START Materials provided

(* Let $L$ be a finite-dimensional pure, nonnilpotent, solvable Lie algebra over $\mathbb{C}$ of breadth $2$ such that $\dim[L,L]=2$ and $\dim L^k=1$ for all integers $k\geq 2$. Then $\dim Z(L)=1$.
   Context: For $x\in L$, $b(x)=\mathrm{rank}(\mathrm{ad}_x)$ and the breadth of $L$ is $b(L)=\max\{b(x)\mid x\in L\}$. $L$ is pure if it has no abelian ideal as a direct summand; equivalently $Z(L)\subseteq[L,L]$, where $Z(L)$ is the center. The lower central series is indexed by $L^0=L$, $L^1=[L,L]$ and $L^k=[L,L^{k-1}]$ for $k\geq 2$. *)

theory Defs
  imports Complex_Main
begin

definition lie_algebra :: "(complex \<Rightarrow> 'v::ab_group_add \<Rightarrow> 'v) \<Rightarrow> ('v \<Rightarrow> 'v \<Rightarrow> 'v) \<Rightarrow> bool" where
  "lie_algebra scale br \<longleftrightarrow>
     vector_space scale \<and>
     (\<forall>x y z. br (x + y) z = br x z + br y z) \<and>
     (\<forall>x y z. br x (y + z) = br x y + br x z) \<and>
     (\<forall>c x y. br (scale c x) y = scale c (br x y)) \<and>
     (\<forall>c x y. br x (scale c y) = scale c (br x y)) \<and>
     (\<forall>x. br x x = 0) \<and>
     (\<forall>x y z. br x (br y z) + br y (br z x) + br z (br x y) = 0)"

END Materials provided
START Materials provided

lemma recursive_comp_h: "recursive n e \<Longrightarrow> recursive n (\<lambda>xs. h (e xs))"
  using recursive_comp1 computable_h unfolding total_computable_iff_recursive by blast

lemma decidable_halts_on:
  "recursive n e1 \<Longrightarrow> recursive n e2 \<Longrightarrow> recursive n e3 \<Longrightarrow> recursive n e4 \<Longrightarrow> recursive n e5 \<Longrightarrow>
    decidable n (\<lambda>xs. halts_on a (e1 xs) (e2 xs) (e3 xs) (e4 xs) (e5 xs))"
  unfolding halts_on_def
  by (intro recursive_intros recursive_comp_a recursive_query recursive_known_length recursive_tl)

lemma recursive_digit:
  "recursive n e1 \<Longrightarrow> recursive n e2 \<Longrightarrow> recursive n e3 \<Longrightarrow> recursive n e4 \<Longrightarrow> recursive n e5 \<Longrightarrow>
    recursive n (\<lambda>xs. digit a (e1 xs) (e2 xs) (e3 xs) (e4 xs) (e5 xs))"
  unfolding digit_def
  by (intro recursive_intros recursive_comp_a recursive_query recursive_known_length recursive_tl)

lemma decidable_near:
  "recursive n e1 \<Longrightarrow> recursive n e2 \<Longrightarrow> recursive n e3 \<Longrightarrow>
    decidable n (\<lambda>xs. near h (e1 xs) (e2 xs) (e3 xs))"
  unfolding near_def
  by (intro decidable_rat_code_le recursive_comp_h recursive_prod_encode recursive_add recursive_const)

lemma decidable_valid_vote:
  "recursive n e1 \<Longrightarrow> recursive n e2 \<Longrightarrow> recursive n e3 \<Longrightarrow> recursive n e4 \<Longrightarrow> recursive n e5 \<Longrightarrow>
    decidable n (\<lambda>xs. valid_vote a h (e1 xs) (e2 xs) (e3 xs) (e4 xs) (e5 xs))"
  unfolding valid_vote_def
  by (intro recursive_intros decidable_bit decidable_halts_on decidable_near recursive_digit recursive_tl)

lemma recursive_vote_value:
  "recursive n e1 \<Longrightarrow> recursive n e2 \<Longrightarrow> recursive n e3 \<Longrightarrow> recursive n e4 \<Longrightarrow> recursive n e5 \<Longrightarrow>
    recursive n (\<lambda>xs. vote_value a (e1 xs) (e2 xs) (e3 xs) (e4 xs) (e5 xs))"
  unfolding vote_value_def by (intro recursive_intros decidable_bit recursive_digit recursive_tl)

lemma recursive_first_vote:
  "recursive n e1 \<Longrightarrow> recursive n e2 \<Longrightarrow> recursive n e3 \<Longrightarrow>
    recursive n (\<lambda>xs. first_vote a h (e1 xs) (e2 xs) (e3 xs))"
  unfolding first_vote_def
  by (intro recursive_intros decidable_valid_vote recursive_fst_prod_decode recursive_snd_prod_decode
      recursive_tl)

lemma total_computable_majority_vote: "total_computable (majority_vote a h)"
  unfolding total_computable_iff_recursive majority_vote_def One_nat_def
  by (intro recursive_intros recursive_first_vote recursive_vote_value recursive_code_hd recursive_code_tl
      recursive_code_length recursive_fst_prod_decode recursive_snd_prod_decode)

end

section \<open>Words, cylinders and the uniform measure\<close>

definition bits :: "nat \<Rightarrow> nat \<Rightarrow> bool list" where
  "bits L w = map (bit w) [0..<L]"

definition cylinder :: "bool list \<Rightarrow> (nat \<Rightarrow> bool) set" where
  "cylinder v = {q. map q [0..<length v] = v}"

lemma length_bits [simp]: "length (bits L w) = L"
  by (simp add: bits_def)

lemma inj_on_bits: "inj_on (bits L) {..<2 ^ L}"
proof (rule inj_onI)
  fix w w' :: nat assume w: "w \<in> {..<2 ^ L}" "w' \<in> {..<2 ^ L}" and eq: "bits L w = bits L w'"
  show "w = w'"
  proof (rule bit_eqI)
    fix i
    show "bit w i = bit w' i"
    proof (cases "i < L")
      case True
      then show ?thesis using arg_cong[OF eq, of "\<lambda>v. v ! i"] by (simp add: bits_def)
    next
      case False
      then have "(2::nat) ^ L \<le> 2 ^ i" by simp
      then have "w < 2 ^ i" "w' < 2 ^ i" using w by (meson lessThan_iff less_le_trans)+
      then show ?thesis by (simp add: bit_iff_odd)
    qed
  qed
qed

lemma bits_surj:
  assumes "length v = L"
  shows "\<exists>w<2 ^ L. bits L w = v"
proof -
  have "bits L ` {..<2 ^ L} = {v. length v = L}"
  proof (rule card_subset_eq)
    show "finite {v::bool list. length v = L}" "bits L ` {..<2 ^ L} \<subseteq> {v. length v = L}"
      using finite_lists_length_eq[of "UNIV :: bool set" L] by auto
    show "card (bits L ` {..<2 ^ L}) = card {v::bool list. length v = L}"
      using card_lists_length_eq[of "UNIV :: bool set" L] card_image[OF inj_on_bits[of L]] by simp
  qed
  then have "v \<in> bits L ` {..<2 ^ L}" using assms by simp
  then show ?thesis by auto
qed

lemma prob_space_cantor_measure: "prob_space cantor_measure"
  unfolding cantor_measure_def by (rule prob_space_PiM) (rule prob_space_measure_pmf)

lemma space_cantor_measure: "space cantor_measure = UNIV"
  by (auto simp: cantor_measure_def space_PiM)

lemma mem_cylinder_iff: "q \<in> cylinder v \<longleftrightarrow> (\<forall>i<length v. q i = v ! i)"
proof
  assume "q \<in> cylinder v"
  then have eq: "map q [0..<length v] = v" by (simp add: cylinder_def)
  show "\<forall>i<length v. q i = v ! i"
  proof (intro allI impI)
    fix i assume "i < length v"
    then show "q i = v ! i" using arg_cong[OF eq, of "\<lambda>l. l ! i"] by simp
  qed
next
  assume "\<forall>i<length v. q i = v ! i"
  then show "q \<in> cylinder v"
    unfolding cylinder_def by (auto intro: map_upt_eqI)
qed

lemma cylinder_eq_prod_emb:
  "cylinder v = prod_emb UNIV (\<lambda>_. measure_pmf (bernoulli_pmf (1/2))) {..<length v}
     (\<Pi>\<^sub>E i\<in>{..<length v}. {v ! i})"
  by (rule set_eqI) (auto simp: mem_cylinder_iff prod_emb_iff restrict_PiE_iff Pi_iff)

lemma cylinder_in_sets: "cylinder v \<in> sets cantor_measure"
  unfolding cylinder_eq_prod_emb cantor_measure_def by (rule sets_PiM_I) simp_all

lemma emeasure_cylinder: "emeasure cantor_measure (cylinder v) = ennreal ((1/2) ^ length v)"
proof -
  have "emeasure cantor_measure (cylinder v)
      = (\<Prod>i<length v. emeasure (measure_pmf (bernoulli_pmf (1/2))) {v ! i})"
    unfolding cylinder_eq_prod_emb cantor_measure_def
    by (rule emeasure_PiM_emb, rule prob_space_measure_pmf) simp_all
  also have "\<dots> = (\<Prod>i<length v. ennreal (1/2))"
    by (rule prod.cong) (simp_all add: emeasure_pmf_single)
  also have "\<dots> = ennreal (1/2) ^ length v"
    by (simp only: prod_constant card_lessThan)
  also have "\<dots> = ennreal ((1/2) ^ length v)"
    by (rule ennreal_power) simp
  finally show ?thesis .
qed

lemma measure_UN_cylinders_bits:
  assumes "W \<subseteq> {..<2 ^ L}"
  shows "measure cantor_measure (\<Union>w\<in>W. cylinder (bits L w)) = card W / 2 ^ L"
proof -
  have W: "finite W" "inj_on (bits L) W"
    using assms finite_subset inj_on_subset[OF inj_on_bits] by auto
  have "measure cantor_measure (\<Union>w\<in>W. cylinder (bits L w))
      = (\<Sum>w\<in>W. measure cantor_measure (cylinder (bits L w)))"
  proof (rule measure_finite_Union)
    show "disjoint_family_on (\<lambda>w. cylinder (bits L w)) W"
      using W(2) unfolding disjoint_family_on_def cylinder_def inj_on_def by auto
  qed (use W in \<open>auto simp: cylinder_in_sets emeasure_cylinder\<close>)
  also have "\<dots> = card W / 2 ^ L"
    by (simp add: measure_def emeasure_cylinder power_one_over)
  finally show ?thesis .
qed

END Materials provided

Your assignment:
All lines containing "open" in the material above should appear in your reply, copied exactly.

Answer area:
section \<open>Words, cylinders and the uniform measure\<close>
  qed (use W in \<open>auto simp: cylinder_in_sets emeasure_cylinder\<close>)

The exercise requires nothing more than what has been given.